The fabless-less cohort is home to computer-aided design AI. Companies developing GPUs, custom accelerators, mobile system-on-chips and networking chips have seized pricing power in the current cycle because design is what customers pay many times more for. Industry standard names typically associated with non-equity funds (chip designers such as NVIDIA, AMD, Qualcomm, Broadcom and Arm) have ridden the wave of AI capital spending. SMHX’s revenue reflects this concentration at the design level of the semiconductor supply chain.

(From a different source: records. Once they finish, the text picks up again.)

lemma cgmi_iter_exists:
  assumes "0 < \<delta>" "x \<in> D" "\<not> mu_gap f' D x < \<delta>"
  shows "\<exists>z x'. cgmi_iter f f' D \<beta> \<theta> \<delta> x z x'"
proof -
  obtain z where z: "z \<in> D" "mu_gap f' D x = f' x \<bullet> (x - z)" by (metis mu_gap_attained)
  with assms have "\<delta> \<le> f' x \<bullet> (x - z)" by simp
  with armijo_step_exists[OF assms(1,2) z(1)] z(1) assms(3) show ?thesis
    unfolding cgmi_iter_def by blast
qed

text \<open>A stage is built by iterating from \<open>w\<close> forever (standing still once \<open>\<mu> < \<delta>\<close>) and
  cutting at the first index where \<open>\<mu> < \<delta>\<close>, which exists by \<open>cgmi_stage_terminates\<close>.\<close>

lemma cgmi_stage_exists:
  assumes "0 < \<delta>" "w \<in> D"
  shows "\<exists>w'. cgmi_stage f f' D \<beta> \<theta> \<delta> w w'"
proof -
  let ?P = "\<lambda>k x. x \<in> D \<and> (k = 0 \<longrightarrow> x = w)"
  let ?Q = "\<lambda>k x x'. \<not> mu_gap f' D x < \<delta> \<longrightarrow> (\<exists>z. cgmi_iter f f' D \<beta> \<theta> \<delta> x z x')"
  have step: "\<exists>x'. ?P (Suc k) x' \<and> ?Q k x x'" if xP: "?P k x" for x k
  proof (cases "mu_gap f' D x < \<delta>")
    case False
    then obtain z x' where "cgmi_iter f f' D \<beta> \<theta> \<delta> x z x'"
      using cgmi_iter_exists[OF assms(1)] xP by blast
    with cgmi_iter_in_D xP show ?thesis by blast
  qed (use xP in auto)
  obtain x where x: "\<And>k. ?P k (x k) \<and> ?Q k (x k) (x (Suc k))"
    using dependent_nat_choice[of ?P ?Q, OF _ step] assms(2) by blast
  then have "\<forall>k. \<exists>z. \<not> mu_gap f' D (x k) < \<delta> \<longrightarrow> cgmi_iter f f' D \<beta> \<theta> \<delta> (x k) z (x (Suc k))"
    by blast
  then obtain z where iter: "\<forall>k. \<not> mu_gap f' D (x k) < \<delta> \<longrightarrow>
      cgmi_iter f f' D \<beta> \<theta> \<delta> (x k) (z k) (x (Suc k))"
    by (rule choice[THEN exE]) blast
  have x0: "x 0 = w" using x by blast
  obtain k where "mu_gap f' D (x k) < \<delta>"
    using cgmi_stage_terminates[OF assms(1) _ iter] x0 assms(2) by auto
  define K where "K = (LEAST k. mu_gap f' D (x k) < \<delta>)"
  have "mu_gap f' D (x K) < \<delta>"
    unfolding K_def by (rule LeastI) fact
  moreover have "\<forall>k<K. cgmi_iter f f' D \<beta> \<theta> \<delta> (x k) (z k) (x (Suc k))"
    using iter not_less_Least unfolding K_def by blast
  ultimately show ?thesis
    unfolding cgmi_stage_def using x0 by (intro exI[of _ "x K"] exI[of _ K] exI[of _ x] exI[of _ z]) simp
qed

context
  fixes \<delta> :: "nat \<Rightarrow> real"
  assumes delta_pos: "\<And>p. 0 < \<delta> p"
begin

lemma cgmi_run_exists:
  assumes "w0 \<in> D"
  shows "\<exists>w. w 0 = w0 \<and> cgmi_run f f' D \<beta> \<theta> \<delta> w"
proof -
  let ?P = "\<lambda>p v. v \<in> D \<and> (p = 0 \<longrightarrow> v = w0)"
  let ?Q = "\<lambda>p. cgmi_stage f f' D \<beta> \<theta> (\<delta> (Suc p))"
  have step: "\<exists>v'. ?P (Suc p) v' \<and> ?Q p v v'" if "?P p v" for v p
    using cgmi_stage_exists[OF delta_pos] cgmi_stage_end[OF _ delta_pos] that by blast
  obtain w where "\<And>p. ?P p (w p) \<and> ?Q p (w p) (w (Suc p))"
    using dependent_nat_choice[of ?P ?Q, OF _ step] assms by blast
  then show ?thesis unfolding cgmi_run_def by auto
qed

lemma cgmi_run_in_D:
  assumes "cgmi_run f f' D \<beta> \<theta> \<delta> w"
  shows "w p \<in> D"
proof (induction p)
  case (Suc p)
  then show ?case using cgmi_stage_end[OF Suc delta_pos] assms unfolding cgmi_run_def by blast
qed (use assms in \<open>simp add: cgmi_run_def\<close>)

lemma cgmi_run_step:
  assumes "cgmi_run f f' D \<beta> \<theta> \<delta> w"
  shows "f (w (Suc p)) \<le> f (w p)" and "mu_gap f' D (w (Suc p)) < \<delta> (Suc p)"
  using cgmi_stage_end[OF cgmi_run_in_D[OF assms] delta_pos] assms unfolding cgmi_run_def
  by blast+

lemma cgmi_run_has_limit_point:
  assumes "cgmi_run f f' D \<beta> \<theta> \<delta> w"
  shows "\<exists>l. is_limit_point w l"
proof -
  have "\<forall>p. w p \<in> D" using cgmi_run_in_D[OF assms] by blast
  then obtain l r where "strict_mono r" "(w \<circ> r) \<longlonglongrightarrow> l"
    using seq_compactE[OF compact_imp_seq_compact[OF compact_D]] by blast
  then show ?thesis unfolding is_limit_point_def by blast
qed

text \<open>Along a subsequence \<open>w \<circ> r\<close> we have \<open>\<langle>f'(w\<^sup>p), w\<^sup>p - y\<rangle> \<le> \<mu>(w\<^sup>p) < \<delta>\<^sub>p\<close> for \<open>p \<ge> 1\<close>;
  the left side tends to \<open>\<langle>f'(l), l - y\<rangle>\<close> and the right side to \<open>0\<close>.\<close>

lemma cgmi_run_limit_point_stationary:
  assumes delta_lim: "\<delta> \<longlonglongrightarrow> 0" and run: "cgmi_run f f' D \<beta> \<theta> \<delta> w"
    and "is_limit_point w l"
  shows "l \<in> stat_set f' D"
proof -
  obtain r where r: "strict_mono r" and lim: "(w \<circ> r) \<longlonglongrightarrow> l"
    using assms(3) unfolding is_limit_point_def by blast
  have lD: "l \<in> D"
    using closed_sequentially[OF closed_D _ lim] cgmi_run_in_D[OF run] by simp
  have "0 \<le> f' l \<bullet> (y - l)" if y: "y \<in> D" for y
  proof -
    have "isCont f' l" using continuous_f' by (simp add: continuous_on_eq_continuous_at)
    then have gap_lim: "(\<lambda>p. f' ((w \<circ> r) p) \<bullet> ((w \<circ> r) p - y)) \<longlonglongrightarrow> f' l \<bullet> (l - y)"
      by (intro tendsto_intros isCont_tendsto_compose[OF _ lim] lim)
    have "\<forall>\<^sub>F p in sequentially. f' ((w \<circ> r) p) \<bullet> ((w \<circ> r) p - y) \<le> (\<delta> \<circ> r) p"
    proof (rule eventually_sequentiallyI[of 1])
      fix p :: nat assume "1 \<le> p"
      then have "1 \<le> r p" using seq_suble[OF r, of p] by linarith
      then obtain q where q: "r p = Suc q" by (cases "r p") auto
      show "f' ((w \<circ> r) p) \<bullet> ((w \<circ> r) p - y) \<le> (\<delta> \<circ> r) p"
        using inner_le_mu_gap[OF y, of "w (Suc q)"] cgmi_run_step(2)[OF run, of q] q by simp
    qed
    then have "f' l \<bullet> (l - y) \<le> 0"
      using tendsto_le[OF trivial_limit_sequentially LIMSEQ_subseq_LIMSEQ[OF delta_lim r] gap_lim]
      by simp
    then show ?thesis by (simp add: inner_diff_right)
  qed
  with lD show ?thesis unfolding stat_set_def by blast
qed

lemma cgmi_run_tendsto_opt_val:
  assumes "\<delta> \<longlonglongrightarrow> 0" and "pseudo_convex_on f f' D" and run: "cgmi_run f f' D \<beta> \<theta> \<delta> w"
  shows "(\<lambda>p. f (w p)) \<longlonglongrightarrow> opt_val f D"
proof -
  obtain l r where l: "is_limit_point w l" and r: "strict_mono r" and lim: "(w \<circ> r) \<longlonglongrightarrow> l"
    using cgmi_run_has_limit_point[OF run] unfolding is_limit_point_def by blast
  have "isCont f l" using continuous_on_f[of UNIV] by (simp add: continuous_on_eq_continuous_at)
  then have "((\<lambda>p. f (w p)) \<circ> r) \<longlonglongrightarrow> f l"
    using isCont_tendsto_compose[OF _ lim] by (simp add: comp_def)
  moreover have "decseq (\<lambda>p. f (w p))" using cgmi_run_step(1)[OF run] by (simp add: decseq_Suc_iff)
  moreover have "f l = opt_val f D"
    using stationary_point_in_sol_set[OF assms(2) cgmi_run_limit_point_stationary[OF assms(1) run l]]
    unfolding sol_set_def by simp
  ultimately show ?thesis using decseq_tendsto_subseq_limit r by metis
qed

end

end

theorem theorem4p1:
  fixes D :: "(real ^ 'n) set" and f :: "real ^ 'n \<Rightarrow> real" and f' :: "real ^ 'n \<Rightarrow> real ^ 'n"
    and \<beta> \<theta> :: real and \<delta> :: "nat \<Rightarrow> real"
  assumes D: "D \<noteq> {}" "convex D" "closed D" "bounded D"
    and deriv: "\<And>x. (f has_derivative (\<lambda>h. f' x \<bullet> h)) (at x)"
    and cont: "continuous_on UNIV f'"
    and beta: "0 < \<beta>" "\<beta> < 1"
    and theta: "0 < \<theta>" "\<theta> < 1"
    and delta: "\<And>p. \<delta> p > 0" "\<delta> \<longlonglongrightarrow> 0"
  shows
    \<comment> \<open>(i) every stage terminates after finitely many changes of k, and the sequence w is infinite\<close>
    "(\<forall>p\<ge>1. \<forall>w0\<in>D. \<forall>x z. x 0 = w0 \<and>
          (\<forall>k. \<not> mu_gap f' D (x k) < \<delta> p \<longrightarrow> cgmi_iter f f' D \<beta> \<theta> (\<delta> p) (x k) (z k) (x (Suc k)))
          \<longrightarrow> (\<exists>k. mu_gap f' D (x k) < \<delta> p))
     \<and> (\<forall>w0\<in>D. \<exists>w. w 0 = w0 \<and> cgmi_run f f' D \<beta> \<theta> \<delta> w)
     \<comment> \<open>(ii) limit points exist and lie in D0\<close>
     \<and> (\<forall>w. cgmi_run f f' D \<beta> \<theta> \<delta> w \<longrightarrow>
          (\<exists>l. is_limit_point w l) \<and> (\<forall>l. is_limit_point w l \<longrightarrow> l \<in> stat_set f' D))
     \<comment> \<open>(iii) under pseudo-convexity, limit points lie in D* and f(w p) tends to f*\<close>
     \<and> (pseudo_convex_on f f' D \<longrightarrow>
          (\<forall>w. cgmi_run f f' D \<beta> \<theta> \<delta> w \<longrightarrow>
             (\<forall>l. is_limit_point w l \<longrightarrow> l \<in> sol_set f D) \<and>
             (\<lambda>p. f (w p)) \<longlonglongrightarrow> opt_val f D))"
proof -
  interpret cgmi_setting D f f' \<beta> \<theta>
    by (rule cgmi_setting.intro) (use D deriv cont beta theta in auto)
  note stationary = cgmi_run_limit_point_stationary[OF delta]
  show ?thesis
    apply (intro conjI)
    subgoal using cgmi_stage_terminates[OF delta(1)] by blast
    subgoal using cgmi_run_exists[of \<delta>, OF delta(1)] by blast
    subgoal using cgmi_run_has_limit_point[of \<delta>, OF delta(1)] stationary by blast
    subgoal by (auto intro: stationary_point_in_sol_set[OF _ stationary] cgmi_run_tendsto_opt_val[OF delta])
    done
qed

end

TSMC Exception Explanation

This is where the fund’s methodology matters. TSMC is the world’s largest dedicated independent (pure-label) semiconductor manufacturing company and contract manufacturer with a market capitalization of approximately $2.34 trillion. It makes chips under contract to developers who don’t have their own manufacturing facilities, rather than selling its own brand of silicon.

The story continues

This makes TSMC the literal opposite of Fables. A fund whose index screens firms that outsource manufacturing inherently cannot hold the company that receives those manufacturing orders. The same logic rules out integrated device manufacturers like Intel, which own their own factories. The SMHX tent is for designers only.

This exception is durable. It withstands quarterly rebalancing because it is built into the index definition itself.

The Irony of Correlated Returns

TSMC is riding the same AI wave as the SMHX designers. The stock is up 49.42% year-to-date and 94.49% over the past year. In the latest quarter, TSMC reported quarterly revenue growth of 35.1% year over year and earnings growth of 58.4%, with analysts forecasting an average price target of $490.34.

Broader semiconductor ETFs that use market cap or industry classification filters tend to keep TSMC in the top five. SMHX shareholders receive designers without the participation of the manufacturer. This is a purer bet on the level of design, and also more concentrated. Excluding a $2 trillion foundry removes a natural diversifier from the portfolio and makes the portfolio more susceptible to design-side dynamics: customer concentration among hyperscalers, competitive pressures between GPUs and custom semiconductor processor development plans, and the pricing power of a handful of intellectual property owners.

Conclusion

SMHX achieved huge profits in 2026 by owning the development of the semiconductor stack. Investors who want exposure to manufacturers, packagers and equipment manufacturers won’t find them here and will need a different vehicle. The fund is young, its expense ratio and assets should be checked on VanEck’s official page before making any allocation decisions, and recent weekly and daily performance suggests the group could pull back sharply.

Past performance is no guarantee of future results and none of this constitutes investment advice. SMHX’s portfolio ownership depends on whether an investor wants to bet solely on the design level or prefers a broader semiconductor activity that includes foundries doing the actual manufacturing.